YOUR GOAL:
Once you find the line with "[0..<2 + (a + a)] = (z" in the data that follows, repeat it and every line after it exactly, through the line with "obtain F where".
Top of AVAILABLE DATA
lemma map_nth_double_cons_index:
  assumes a: "length zs = a"
  shows "map (\<lambda>i. ([z, z] @ zs @ zs) ! double_cons_index a i) [0..<2 + (a + a)] = (z # zs) @ (z # zs)"
proof (rule nth_equalityI)
  fix i assume "i < length (map (\<lambda>i. ([z, z] @ zs @ zs) ! double_cons_index a i) [0..<2 + (a + a)])"
  then have i: "i < 2 + (a + a)" by simp
  have "i = 0 \<or> (i = Suc (i - 1) \<and> i - 1 < a) \<or> i = a + 1 \<or>
        (i = Suc (Suc (a + (i - a - 2))) \<and> i - a - 2 < a)"
    using i by arith
  then consider "i = 0" | j where "i = Suc j" "j < a" | "i = a + 1" | j where "i = Suc (Suc (a + j))" "j < a"
    by blast
  then show "map (\<lambda>i. ([z, z] @ zs @ zs) ! double_cons_index a i) [0..<2 + (a + a)] ! i =
      ((z # zs) @ (z # zs)) ! i"
    using i a by cases (simp_all del: upt_Suc add: nth_append double_cons_index_def)
qed (simp add: a)

lemma lists_length_Suc_eq_image:
  "{zs. length zs = Suc a \<and> set zs \<subseteq> Z} = (\<lambda>(z, zs). z # zs) ` (Z \<times> {zs. length zs = a \<and> set zs \<subseteq> Z})"
  by (force simp: length_Suc_conv)

lemma finite_if_subsingleton:
  assumes "\<And>x y. x \<in> S \<Longrightarrow> y \<in> S \<Longrightarrow> x = y"
  shows "finite S"
proof (cases "S = {}")
  case False
  then obtain x where "x \<in> S" by blast
  with assms have "S = {x}" by blast
  then show ?thesis by simp
qed simp

lemma finite_R_projection_if_functional:
  assumes FO: "fully_orthogonal Z R D" and G: "G \<in> D a b"
    and functional: "\<And>u r r'. (u, r) \<in> G \<Longrightarrow> (u, r') \<in> G \<Longrightarrow> r = r'"
  shows "finite (snd ` G)"
proof -
  obtain F where F: "finite F" "G = (\<Union>(U, V)\<in>F. rect U V)"
    using FO[unfolded fully_orthogonal_def, rule_format, OF G] by blast
  have "finite (snd ` rect U V)" if "(U, V) \<in> F" for U V
  proof (rule finite_if_subsingleton)
    have sub: "rect U V \<subseteq> G"
      unfolding F(2) using that by blast
    fix r r' assume "r \<in> snd ` rect U V" "r' \<in> snd ` rect U V"
    then obtain u u' where "(u, r) \<in> rect U V" "(u', r') \<in> rect U V"
      by auto
    then have "(u, r) \<in> rect U V" "(u, r') \<in> rect U V"
      unfolding rect_def by simp_all
    then show "r = r'"
      using sub functional by blast
  qed
  moreover have "snd ` G = (\<Union>(U, V)\<in>F. snd ` rect U V)"
    unfolding F(2) by (simp add: image_UN split_def)
  ultimately show ?thesis
    using F(1) by (simp add: split_def)
qed

definition permute_Z :: "(nat \<Rightarrow> nat) \<Rightarrow> nat \<Rightarrow> 'z list \<times> 'r list \<Rightarrow> 'z list \<times> 'r list" where
  "permute_Z p a = (\<lambda>(zs, rs). (map (\<lambda>i. zs ! p i) [0..<a], rs))"

locale two_sorted =
  fixes Z :: "'z set" and R :: "'r set" and D :: "nat \<Rightarrow> nat \<Rightarrow> ('z list \<times> 'r list) set set"
  assumes definable_subset_sp: "A \<in> D a b \<Longrightarrow> A \<subseteq> sp Z R a b"
    and definable_sp: "sp Z R a b \<in> D a b"
    and definable_Un: "A \<in> D a b \<Longrightarrow> B \<in> D a b \<Longrightarrow> A \<union> B \<in> D a b"
    and definable_sp_Diff: "A \<in> D a b \<Longrightarrow> sp Z R a b - A \<in> D a b"
    and definable_concat_prod: "A \<in> D a b \<Longrightarrow> B \<in> D c d \<Longrightarrow> concat_prod A B \<in> D (a + c) (b + d)"
    and definable_take: "A \<in> D (a + c) (b + d) \<Longrightarrow> (\<lambda>(zs, rs). (take a zs, take b rs)) ` A \<in> D a b"
    and definable_permute:
      "bij_betw p {..<a} {..<a} \<Longrightarrow> bij_betw q {..<b} {..<b} \<Longrightarrow> A \<in> D a b \<Longrightarrow>
       (\<lambda>(zs, rs). (map (\<lambda>i. zs ! p i) [0..<a], map (\<lambda>j. rs ! q j) [0..<b])) ` A \<in> D a b"
    and definable_eq_Z: "{([z, z], []) | z. z \<in> Z} \<in> D 2 0"
    and definable_Z_singleton: "z \<in> Z \<Longrightarrow> {([z], [])} \<in> D 1 0"
    and definable_R_singleton: "r \<in> R \<Longrightarrow> {([], [r])} \<in> D 0 1"

lemma two_sorted_if_two_sorted_structure:
  "two_sorted_structure Z R D \<Longrightarrow> two_sorted Z R D"
  unfolding two_sorted_structure_def two_sorted_def concat_prod_def by (simp add: Ball_def)

context two_sorted
begin

lemma definable_mem_sp:
  "A \<in> D a b \<Longrightarrow> (zs, rs) \<in> A \<Longrightarrow> length zs = a \<and> set zs \<subseteq> Z \<and> length rs = b \<and> set rs \<subseteq> R"
  using definable_subset_sp mem_sp by blast

lemma definable_Int: "A \<in> D a b \<Longrightarrow> B \<in> D a b \<Longrightarrow> A \<inter> B \<in> D a b"
proof -
  assume "A \<in> D a b" "B \<in> D a b"
  moreover from this have "A \<inter> B = sp Z R a b - ((sp Z R a b - A) \<union> (sp Z R a b - B))"
    using definable_subset_sp by blast
  ultimately show ?thesis
    by (simp add: definable_sp_Diff definable_Un)
qed

lemma definable_empty: "{} \<in> D a b"
  using definable_sp_Diff[OF definable_sp] by simp

lemma definable_UN: "finite I \<Longrightarrow> (\<And>i. i \<in> I \<Longrightarrow> A i \<in> D a b) \<Longrightarrow> (\<Union>i\<in>I. A i) \<in> D a b"
  by (induction I rule: finite_induct) (auto simp: definable_empty definable_Un)

lemma definable_Z_point: "set zs \<subseteq> Z \<Longrightarrow> {(zs, [])} \<in> D (length zs) 0"
proof (induction zs)
  case Nil
  then show ?case using definable_sp[of 0 0] by (simp add: sp_0_0)
next
  case (Cons z zs)
  then have "concat_prod {([z], [])} {(zs, [])} \<in> D (1 + length zs) (0 + 0)"
    by (intro definable_concat_prod definable_Z_singleton) auto
  then show ?case by (simp add: concat_prod_singletons)
qed

lemma definable_R_point: "set rs \<subseteq> R \<Longrightarrow> {([], rs)} \<in> D 0 (length rs)"
proof (induction rs)
  case Nil
  then show ?case using definable_sp[of 0 0] by (simp add: sp_0_0)
next
  case (Cons r rs)
  then have "concat_prod {([], [r])} {([], rs)} \<in> D (0 + 0) (1 + length rs)"
    by (intro definable_concat_prod definable_R_singleton) auto
  then show ?case by (simp add: concat_prod_singletons)
qed

lemma definable_point: "x \<in> sp Z R a b \<Longrightarrow> {x} \<in> D a b"
proof (cases x)
  case (Pair zs rs)
  assume "x \<in> sp Z R a b"
  with Pair have "set zs \<subseteq> Z" "set rs \<subseteq> R" "length zs = a" "length rs = b"
    by (simp_all add: mem_sp)
  then have "concat_prod {(zs, [])} {([], rs)} \<in> D (a + 0) (0 + b)"
    using definable_concat_prod[OF definable_Z_point definable_R_point] by blast
  with Pair show ?thesis
    by (simp add: concat_prod_singletons)
qed

lemma definable_rotate: "A \<in> D a b \<Longrightarrow> (\<lambda>(zs, rs). (rotate k zs, rotate l rs)) ` A \<in> D a b"
proof -
  assume A: "A \<in> D a b"
  have "(\<lambda>(zs, rs). (rotate k zs, rotate l rs)) ` A =
        (\<lambda>(zs, rs). (map (\<lambda>i. zs ! ((i + k) mod a)) [0..<a], map (\<lambda>j. rs ! ((j + l) mod b)) [0..<b])) ` A"
    using definable_subset_sp[OF A] by (intro image_cong) (auto simp: mem_sp map_nth_rotation)
  then show ?thesis
    using definable_permute[OF bij_betw_rotation bij_betw_rotation A] by simp
qed

lemma definable_permute_Z:
  assumes p: "bij_betw p {..<a} {..<a}" and A: "A \<in> D a b"
  shows "permute_Z p a ` A \<in> D a b"
proof -
  have "permute_Z p a ` A = (\<lambda>(zs, rs). (map (\<lambda>i. zs ! p i) [0..<a], map (\<lambda>j. rs ! j) [0..<b])) ` A"
    unfolding permute_Z_def
  proof (rule image_cong[OF refl])
    fix x assume "x \<in> A"
    then obtain zs rs where "x = (zs, rs)" "length rs = b"
      by (cases x) (auto dest: definable_mem_sp[OF A])
    then show "(case x of (zs, rs) \<Rightarrow> (map (\<lambda>i. zs ! p i) [0..<a], rs)) =
        (case x of (zs, rs) \<Rightarrow> (map (\<lambda>i. zs ! p i) [0..<a], map (\<lambda>j. rs ! j) [0..<b]))"
      using map_nth[of rs] by simp
  qed
  moreover have "bij_betw (\<lambda>j. j) {..<b} {..<b}"
    by (simp add: bij_betw_def)
  ultimately show ?thesis
    using definable_permute[OF p _ A] by simp
qed

lemma definable_R_fibre:
  assumes X: "X \<in> D a b"
  shows "{x \<in> X. snd x = rs} \<in> D a b"
proof (cases "rs \<in> snd ` X")
  case True
  then obtain x where "x \<in> sp Z R a b" "rs = snd x"
    using definable_subset_sp[OF X] by blast
  then have "([], rs) \<in> sp Z R 0 b"
    by (cases x) (simp add: mem_sp)
  then have "concat_prod (sp Z R a 0) {([], rs)} \<in> D (a + 0) (0 + b)"
    by (intro definable_concat_prod definable_sp definable_point)
  moreover have "{x \<in> X. snd x = rs} = X \<inter> concat_prod (sp Z R a 0) {([], rs)}"
  proof (intro equalityI subsetI)
    fix x assume "x \<in> {x \<in> X. snd x = rs}"
    moreover from this have "(fst x, []) \<in> sp Z R a 0"
      by (cases x) (auto simp: mem_sp dest: definable_mem_sp[OF X])
    ultimately show "x \<in> X \<inter> concat_prod (sp Z R a 0) {([], rs)}"
      unfolding concat_prod_singleton_right by (auto intro: image_eqI[of _ _ "(fst x, [])"])
  qed (auto simp: concat_prod_singleton_right sp_def)
  ultimately show ?thesis
    using definable_Int[OF X] by simp
next
  case False
  then have "{x \<in> X. snd x = rs} = {}" by (auto simp: image_iff)
  then show ?thesis by (metis definable_empty)
qed

lemma definable_Z_diagonal: "(\<lambda>zs. (zs @ zs, [])) ` {zs. length zs = a \<and> set zs \<subseteq> Z} \<in> D (a + a) 0"
proof (induction a)
  case 0
  have "(\<lambda>zs. (zs @ zs, [])) ` {zs. length zs = 0 \<and> set zs \<subseteq> Z} = sp Z R 0 0"
    by (auto simp: sp_0_0)
  then show ?case using definable_sp by simp
next
  case (Suc a)
  define perm :: "'z list \<times> 'r list \<Rightarrow> 'z list \<times> 'r list" where
    "perm = permute_Z (double_cons_index a) (2 + (a + a))"
  let ?L = "{zs. length zs = a \<and> set zs \<subseteq> Z}"
  let ?P = "concat_prod {([z, z], []) | z. z \<in> Z} ((\<lambda>zs. (zs @ zs, [])) ` ?L)"
  have "?P \<in> D (2 + (a + a)) 0"
    using definable_concat_prod[OF definable_eq_Z Suc] by (simp only: add_0)
  then have definable: "perm ` ?P \<in> D (2 + (a + a)) 0"
    unfolding perm_def by (rule definable_permute_Z[OF bij_betw_double_cons_index])
  have perm: "perm ([z, z] @ zs @ zs, []) = ((z # zs) @ (z # zs), [])" if "length zs = a" for z zs
    unfolding perm_def permute_Z_def prod.case map_nth_double_cons_index[OF that] ..
  have P: "?P = (\<lambda>(z, zs). ([z, z] @ zs @ zs, [])) ` (Z \<times> ?L)"
    unfolding concat_prod_eq_image by force
  have "perm ` ?P = (\<lambda>x. perm (case x of (z, zs) \<Rightarrow> ([z, z] @ zs @ zs, []))) ` (Z \<times> ?L)"
    unfolding P image_image ..
  also have "\<dots> = (\<lambda>(z, zs). ((z # zs) @ (z # zs), [])) ` (Z \<times> ?L)"
  proof (rule image_cong[OF refl])
    fix x assume "x \<in> Z \<times> ?L"
    then obtain z zs where "x = (z, zs)" "length zs = a" by blast
    then show "perm (case x of (z, zs) \<Rightarrow> ([z, z] @ zs @ zs, [])) =
        (case x of (z, zs) \<Rightarrow> ((z # zs) @ (z # zs), []))"
      using perm by simp
  qed
  also have "\<dots> = (\<lambda>zs. (zs @ zs, [])) ` {zs. length zs = Suc a \<and> set zs \<subseteq> Z}"
    unfolding lists_length_Suc_eq_image image_image by (rule image_cong) auto
  finally have permuted: "perm ` ?P = (\<lambda>zs. (zs @ zs, [])) ` {zs. length zs = Suc a \<and> set zs \<subseteq> Z}" .
  have dim: "Suc a + Suc a = 2 + (a + a)" by simp
  show ?case
    using definable unfolding permuted dim .
qed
Bottom of AVAILABLE DATA
RESULT:
  shows "map (\<lambda>i. ([z, z] @ zs @ zs) ! double_cons_index a i) [0..<2 + (a + a)] = (z # zs) @ (z # zs)"
proof (rule nth_equalityI)
  fix i assume "i < length (map (\<lambda>i. ([z, z] @ zs @ zs) ! double_cons_index a i) [0..<2 + (a + a)])"
  then have i: "i < 2 + (a + a)" by simp
  have "i = 0 \<or> (i = Suc (i - 1) \<and> i - 1 < a) \<or> i = a + 1 \<or>
        (i = Suc (Suc (a + (i - a - 2))) \<and> i - a - 2 < a)"
    using i by arith
  then consider "i = 0" | j where "i = Suc j" "j < a" | "i = a + 1" | j where "i = Suc (Suc (a + j))" "j < a"
    by blast
  then show "map (\<lambda>i. ([z, z] @ zs @ zs) ! double_cons_index a i) [0..<2 + (a + a)] ! i =
      ((z # zs) @ (z # zs)) ! i"
    using i a by cases (simp_all del: upt_Suc add: nth_append double_cons_index_def)
qed (simp add: a)

lemma lists_length_Suc_eq_image:
  "{zs. length zs = Suc a \<and> set zs \<subseteq> Z} = (\<lambda>(z, zs). z # zs) ` (Z \<times> {zs. length zs = a \<and> set zs \<subseteq> Z})"
  by (force simp: length_Suc_conv)

lemma finite_if_subsingleton:
  assumes "\<And>x y. x \<in> S \<Longrightarrow> y \<in> S \<Longrightarrow> x = y"
  shows "finite S"
proof (cases "S = {}")
  case False
  then obtain x where "x \<in> S" by blast
  with assms have "S = {x}" by blast
  then show ?thesis by simp
qed simp

lemma finite_R_projection_if_functional:
  assumes FO: "fully_orthogonal Z R D" and G: "G \<in> D a b"
    and functional: "\<And>u r r'. (u, r) \<in> G \<Longrightarrow> (u, r') \<in> G \<Longrightarrow> r = r'"
  shows "finite (snd ` G)"
proof -
  obtain F where F: "finite F" "G = (\<Union>(U, V)\<in>F. rect U V)"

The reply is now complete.